Instructions to follow: The output should be the records themselves, given again exactly.

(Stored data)

·····

(* Fix an integer $k\ge3$ and consider the utility function described in the context. Suppose every $k$-star network is pairwise stable, where this ranges over all numbers of nodes $n\ge 2k$ and all allowed distributions of leaves. Then necessarily $$\gamma=0 \quad\text{and}\quad c=b_1-b_3.$$
   Context: A $k$-star network ($k\ge3$) on $n\ge 2k$ nodes consists of $k$ "center" nodes that are pairwise adjacent, forming a clique. Every other node is a leaf adjacent to exactly one center and to nothing else. Each center has at least one leaf, and the numbers of leaves of any two centers differ by at most one. Networks are finite simple undirected graphs whose vertices (nodes) are self-interested agents. Parameters: benefits $b_1>b_2>b_3>b_4>\dots>0$, where $b_i$ is the benefit a node obtains from a node at distance $i$; a link cost $c$ per immediate neighbor; and an intermediation fraction $\gamma$ with $0\le\gamma<1$. (Entry fees play no role here, since all nodes are already in the network.) Notation: $N$ is the set of nodes, $d_j$ the degree of $j$, and $l(j,w)$ the graph distance. A node $x$ is essential for a pair $y,z$ (with $x\notin\{y,z\}$) if $x$ lies on every path joining $y$ and $z$. Write $E(y,z)$ for the set of nodes essential for $y,z$ and $e(y,z)=|E(y,z)|$. Only pairs joined by a path contribute to the sums below. Utility of node $j$ in network $g$: $$u_j(g)=d_j(b_1-c)+\sum_{w\in N,\ l(j,w)>1}b_{l(j,w)}-\sum_{w\in N,\ E(j,w)\ne\emptyset}\gamma\, b_{l(j,w)}+\sum_{y,z\in N,\ j\in E(y,z)}\frac{\gamma}{e(y,z)}\,2\,b_{l(y,z)}.$$ Pairwise stability: $g$ is pairwise stable if (a) for every link $(i,j)\in g$, $u_i(g\setminus\{(i,j)\})\le u_i(g)$ and $u_j(g\setminus\{(i,j)\})\le u_j(g)$; and (b) for every non-link $(i,j)\notin g$, if $u_i(g\cup\{(i,j)\})>u_i(g)$ then $u_j(g\cup\{(i,j)\})<u_j(g)$. *)

theory Defs
  imports Complex_Main
begin

text \<open>Networks: nodes are the naturals {..<n}; a network is a set of ordered pairs
  (x,y) that is symmetric, irreflexive and contained in the node set.
  Benefits b i for i \<ge> 1 (b 0 is irrelevant).\<close>

definition nodes :: "nat \<Rightarrow> nat set" where
  "nodes n = {..<n}"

·····

Output for this exercise:
(* Fix an integer $k\ge3$ and consider the utility function described in the context. Suppose every $k$-star network is pairwise stable, where this ranges over all numbers of nodes $n\ge 2k$ and all allowed distributions of leaves. Then necessarily $$\gamma=0 \quad\text{and}\quad c=b_1-b_3.$$
   Context: A $k$-star network ($k\ge3$) on $n\ge 2k$ nodes consists of $k$ "center" nodes that are pairwise adjacent, forming a clique. Every other node is a leaf adjacent to exactly one center and to nothing else. Each center has at least one leaf, and the numbers of leaves of any two centers differ by at most one. Networks are finite simple undirected graphs whose vertices (nodes) are self-interested agents. Parameters: benefits $b_1>b_2>b_3>b_4>\dots>0$, where $b_i$ is the benefit a node obtains from a node at distance $i$; a link cost $c$ per immediate neighbor; and an intermediation fraction $\gamma$ with $0\le\gamma<1$. (Entry fees play no role here, since all nodes are already in the network.) Notation: $N$ is the set of nodes, $d_j$ the degree of $j$, and $l(j,w)$ the graph distance. A node $x$ is essential for a pair $y,z$ (with $x\notin\{y,z\}$) if $x$ lies on every path joining $y$ and $z$. Write $E(y,z)$ for the set of nodes essential for $y,z$ and $e(y,z)=|E(y,z)|$. Only pairs joined by a path contribute to the sums below. Utility of node $j$ in network $g$: $$u_j(g)=d_j(b_1-c)+\sum_{w\in N,\ l(j,w)>1}b_{l(j,w)}-\sum_{w\in N,\ E(j,w)\ne\emptyset}\gamma\, b_{l(j,w)}+\sum_{y,z\in N,\ j\in E(y,z)}\frac{\gamma}{e(y,z)}\,2\,b_{l(y,z)}.$$ Pairwise stability: $g$ is pairwise stable if (a) for every link $(i,j)\in g$, $u_i(g\setminus\{(i,j)\})\le u_i(g)$ and $u_j(g\setminus\{(i,j)\})\le u_j(g)$; and (b) for every non-link $(i,j)\notin g$, if $u_i(g\cup\{(i,j)\})>u_i(g)$ then $u_j(g\cup\{(i,j)\})<u_j(g)$. *)

theory Defs
  imports Complex_Main
begin

text \<open>Networks: nodes are the naturals {..<n}; a network is a set of ordered pairs
  (x,y) that is symmetric, irreflexive and contained in the node set.
  Benefits b i for i \<ge> 1 (b 0 is irrelevant).\<close>

definition nodes :: "nat \<Rightarrow> nat set" where
  "nodes n = {..<n}"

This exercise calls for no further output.